AWS IoT – Originally our design had our incoming data going to AWS IoT’s internal time series data base and then the platform’s rules engine would utilize a Lambda Rule to pass this along to a MySQL DB hosted by Amazon RDS. Django would access this directly. I fully implemented this but kept running into errors integrating this pipeline with Django’s models. Django models are intended to be a wrapper that sits over SQL and keeps the programmer completely removed from it, but because I was writing a bunch of SQL myself as part of the Lambda function Django really didn’t like that. This left me with two options either abandon Django models and go with straight py sql or integrate the DB on the EC2. Because as a team we wanted to go with Django b/c of the abilities of models I made the design pivot to move towards a database with the django MVC on the EC2. This simplified the AWS IoT portion of our project in that I completely cut out the Amazon RDS MySQL server and lambda function and I replaced them with an AWS IoT rule that sent data within a https post to a subdomain of our hosted website.

EC2/Django – So this clearly had trickle down effects within the EC2 Django deployment. For one I created a bunch of code that established Django models for tables with all their necessary features i.e. table_id, occupancy status, time of last update, etc.. I didn’t just create the templates as I also created a migration such that whenever the database is reinitialized  or the server boots up the database is prepopulated with instances of tables for all the devices we are currently supporting. In terms of data communication from AWS to django I talked briefly about how AWS IoT was sending a post request to a specific url, this is specifically a json dictionary that contains all data transfered off the esp8266 as well as a key to match for security so nobody can spoof send data.

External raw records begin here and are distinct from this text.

(* Let $\mathcal{X}$ be a probability distribution over a set of queries, $k \geq 1$, and $\hat q_1,\dots,\hat q_k,\hat c_1,\dots,\hat c_k : \mathcal{X} \to \mathbb{R}$ integrable functions, and assume the set $\Lambda$ is finite. Let $0 \leq \lambda_1 < \lambda_2$ and let $s^{(1)} \in S_{\lambda_1}$, $s^{(2)} \in S_{\lambda_2}$ have costs $B_1 = C(s^{(1)})$ and $B_2 = C(s^{(2)})$ respectively. Then for every $B \in [B_2, B_1]$ there exists $\lambda \in [\lambda_1,\lambda_2]$ such that $S_\lambda$ contains a routing strategy $s$ with $C(s) = B$.
   Context: A routing strategy is a measurable function $s : \mathcal{X} \to \mathbb{R}^k$ with $s_i(x) \geq 0$ for all $i$ and $\sum_{i=1}^k s_i(x) = 1$ for all $x$; its cost is $C(s) = \mathbb{E}_{x \sim \mathcal{X}}\left[\sum_{i=1}^k s_i(x)\hat c_i(x)\right]$. For $\lambda \in \mathbb{R}^+$, $S_\lambda$ is the set of routing strategies $s$ such that for all $x \in \mathcal{X}$ and $i \in \{1,\dots,k\}$: if $\hat q_i(x) - \lambda \hat c_i(x) < \max_j(\hat q_j(x) - \lambda \hat c_j(x))$ then $s_i(x) = 0$. $\Lambda$ is the set of $\lambda \in \mathbb{R}$ for which there exist $x \in \mathcal{X}$ and $i \neq j$ with $\hat q_i(x) - \lambda \hat c_i(x) = \hat q_j(x) - \lambda \hat c_j(x)$. *)

theory Defs
  imports "HOL-Probability.Probability"
begin

text \<open>Models are indexed by 1..k. A routing strategy is a function s :: 'x => nat => real,
  where s x i is the weight of model i on query x.\<close>

definition routing_strategy :: "'x measure \<Rightarrow> nat \<Rightarrow> ('x \<Rightarrow> nat \<Rightarrow> real) \<Rightarrow> bool" where
  "routing_strategy M k s \<longleftrightarrow>
     (\<forall>i\<in>{1..k}. (\<lambda>x. s x i) \<in> borel_measurable M) \<and>
     (\<forall>x\<in>space M. (\<forall>i\<in>{1..k}. 0 \<le> s x i) \<and> (\<Sum>i=1..k. s x i) = 1)"

definition cost :: "'x measure \<Rightarrow> nat \<Rightarrow> (nat \<Rightarrow> 'x \<Rightarrow> real) \<Rightarrow> ('x \<Rightarrow> nat \<Rightarrow> real) \<Rightarrow> real" where
  "cost M k c s = (\<integral>x. (\<Sum>i=1..k. s x i * c i x) \<partial>M)"

definition S_lam :: "'x measure \<Rightarrow> nat \<Rightarrow> (nat \<Rightarrow> 'x \<Rightarrow> real) \<Rightarrow> (nat \<Rightarrow> 'x \<Rightarrow> real)
    \<Rightarrow> real \<Rightarrow> ('x \<Rightarrow> nat \<Rightarrow> real) set" where
  "S_lam M k q c lam = {s. routing_strategy M k s \<and>
     (\<forall>x\<in>space M. \<forall>i\<in>{1..k}.
        q i x - lam * c i x < (MAX j\<in>{1..k}. q j x - lam * c j x) \<longrightarrow> s x i = 0)}"

definition Lam :: "'x measure \<Rightarrow> nat \<Rightarrow> (nat \<Rightarrow> 'x \<Rightarrow> real) \<Rightarrow> (nat \<Rightarrow> 'x \<Rightarrow> real) \<Rightarrow> real set" where
  "Lam M k q c = {lam. \<exists>x\<in>space M. \<exists>i\<in>{1..k}. \<exists>j\<in>{1..k}. i \<noteq> j \<and>
     q i x - lam * c i x = q j x - lam * c j x}"

end

theory Submission
  imports Defs
begin

(* For fixed lam the set S_lam is convex and the cost is affine along convex combinations, so
   the costs attained in S_lam form an interval. Between two consecutive points of the finite set
   Lam no two scores q_i - lam c_i cross, so a strategy that is optimal at an interior point stays
   optimal on the whole closed gap; hence the cost intervals at consecutive points overlap, and
   walking along this chain of overlapping intervals from l1 to l2 reaches every B between
   B2 and B1. *)

lemma routing_strategy_weight_bounds:
  assumes "routing_strategy M k s" "x \<in> space M" "i \<in> {1..k}"
  shows "0 \<le> s x i" "s x i \<le> 1"
proof -
  have nonneg: "\<forall>j\<in>{1..k}. 0 \<le> s x j" and sum_one: "(\<Sum>j=1..k. s x j) = 1"
    using assms(1,2) unfolding routing_strategy_def by auto
  show "0 \<le> s x i" using nonneg assms(3) by auto
  have "s x i \<le> (\<Sum>j=1..k. s x j)"
    by (rule member_le_sum) (use nonneg assms(3) in auto)
  then show "s x i \<le> 1" using sum_one by simp
qed
lemma disjoint_supports_carriers:
  fixes M :: "'i \<Rightarrow> 'a::topological_space measure"
  assumes "compact (UNIV :: 'a set)" "finite I"
    and M: "\<And>k. k \<in> I \<Longrightarrow> finite_measure (M k)" "\<And>k. k \<in> I \<Longrightarrow> sets (M k) = sets borel"
    and K: "\<And>k. k \<in> I \<Longrightarrow> closed (K k)"
    and disj: "\<And>k l. k \<in> I \<Longrightarrow> l \<in> I \<Longrightarrow> k \<noteq> l \<Longrightarrow> K k \<inter> K l = {}"
    and null: "\<And>k x. k \<in> I \<Longrightarrow> x \<notin> K k \<Longrightarrow> \<exists>U. open U \<and> x \<in> U \<and> measure (M k) U = 0"
  obtains S where "\<And>k. k \<in> I \<Longrightarrow> S k \<in> sets borel" "\<And>k. k \<in> I \<Longrightarrow> measure (M k) (- S k) = 0"
    "\<And>k l. k \<in> I \<Longrightarrow> l \<in> I \<Longrightarrow> k \<noteq> l \<Longrightarrow> S k \<inter> S l = {}"
proof -
  define E where "E k l = (SOME E. E \<in> sets borel \<and> measure (M k) (- E) = 0 \<and> measure (M l) E = 0)"
    for k l
  have E: "E k l \<in> sets borel \<and> measure (M k) (- E k l) = 0 \<and> measure (M l) (E k l) = 0"
    if kl: "k \<in> I" "l \<in> I" "k \<noteq> l" for k l
  proof -
    have "\<exists>E. E \<in> sets borel \<and> measure (M k) (- E) = 0 \<and> measure (M l) E = 0"
      using disjoint_supports_separating_set[OF assms(1) M(1,2)[OF kl(1)] M(1,2)[OF kl(2)]
          K[OF kl(2)] disj[OF kl] null[OF kl(1)] null[OF kl(2)]] by blast
    thus ?thesis unfolding E_def by (rule someI_ex)
  qed
  define S where "S k = - (\<Union>l\<in>I - {k}. - E k l \<union> E l k)" for k
  have parts_sets: "- E k l \<union> E l k \<in> sets borel" if "k \<in> I" "l \<in> I - {k}" for k l
    using E[of k l] E[of l k] that by (intro sets.Un borel_comp) auto
  show ?thesis
  proof (rule that)
    show "S k \<in> sets borel" if "k \<in> I" for k
      unfolding S_def using parts_sets[OF that] assms(2) by (intro borel_comp sets.finite_UN) auto
    show "S k \<inter> S l = {}" if "k \<in> I" "l \<in> I" "k \<noteq> l" for k l
      using that by (auto simp: S_def)
    show "measure (M k) (- S k) = 0" if k: "k \<in> I" for k
    proof -
      have "measure (M k) (- S k) \<le> (\<Sum>l\<in>I - {k}. measure (M k) (- E k l \<union> E l k))"
        unfolding S_def double_complement
        using parts_sets[OF k] assms(2) M(2)[OF k] by (intro measure_UNION_le) auto
      also have "\<dots> \<le> (\<Sum>l\<in>I - {k}. measure (M k) (- E k l) + measure (M k) (E l k))"
        using E k M(2)[OF k] by (intro sum_mono measure_Un_le) (auto intro: borel_comp)
      also have "\<dots> = 0" using E k by (intro sum.neutral) auto
      finally show ?thesis by (simp add: measure_le_0_iff)
    qed
  qed
qed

Because of the change in overall design I performed some extensive load testing to ensure this could still meet our project requirements. I converted the domain to point not an the original server instance but rather an elastic IP to help with load. For testing I flooded the EC2 with 80 db updates and 100 get requests within a minute and it experienced no issues whatsoever so the change still meets our project requirements.

I additionally worked a bunch on the front end as nothing really existed for it yet. I built out a basic html file to hold table information (id: status) and then tied this in with a javascript, jquery, and Ajax set of functions that would via a url automatically refresh occupancy data at a set interval of time. This tied into some backend code I wrote in Django that would query the database for all Table model instances, package these in a dictionary and send them off in json as a xml request response to the browser.

hardware/esp8266 – Ryan hasn’t been able to do any programming on the esp8266 yet so I wrote a script to perform basic pir based occupancy detection for the demo. This consisted of two versions of detection. One that would connect to wifi only when detection had occurred as a preliminary power saving technique and one that would stay connected. This will slot into our final demo idea of having two detection algorithms running. One that will show purely how well we can detect occupancy and another that will show our in practice version designed around saving power through wifi use minimization strategies.  We ran into a new problem using CMU-DEVICE Wifi where we wern’t allowed to use NTP for any accurate time synchronization. In our demo testing we found that there isn’t a reliable delay between detection and when status updates reach our sql. Because of this as well as our desire to ensure we are operating our esp8266’s  during our desired running window, 8am-5pm, we wanted to use NTP for a variety of things on our nodes. Because of this we will be pivoting from CMU-DEVICE to using a wifi access point to connect to CMU-SECURE.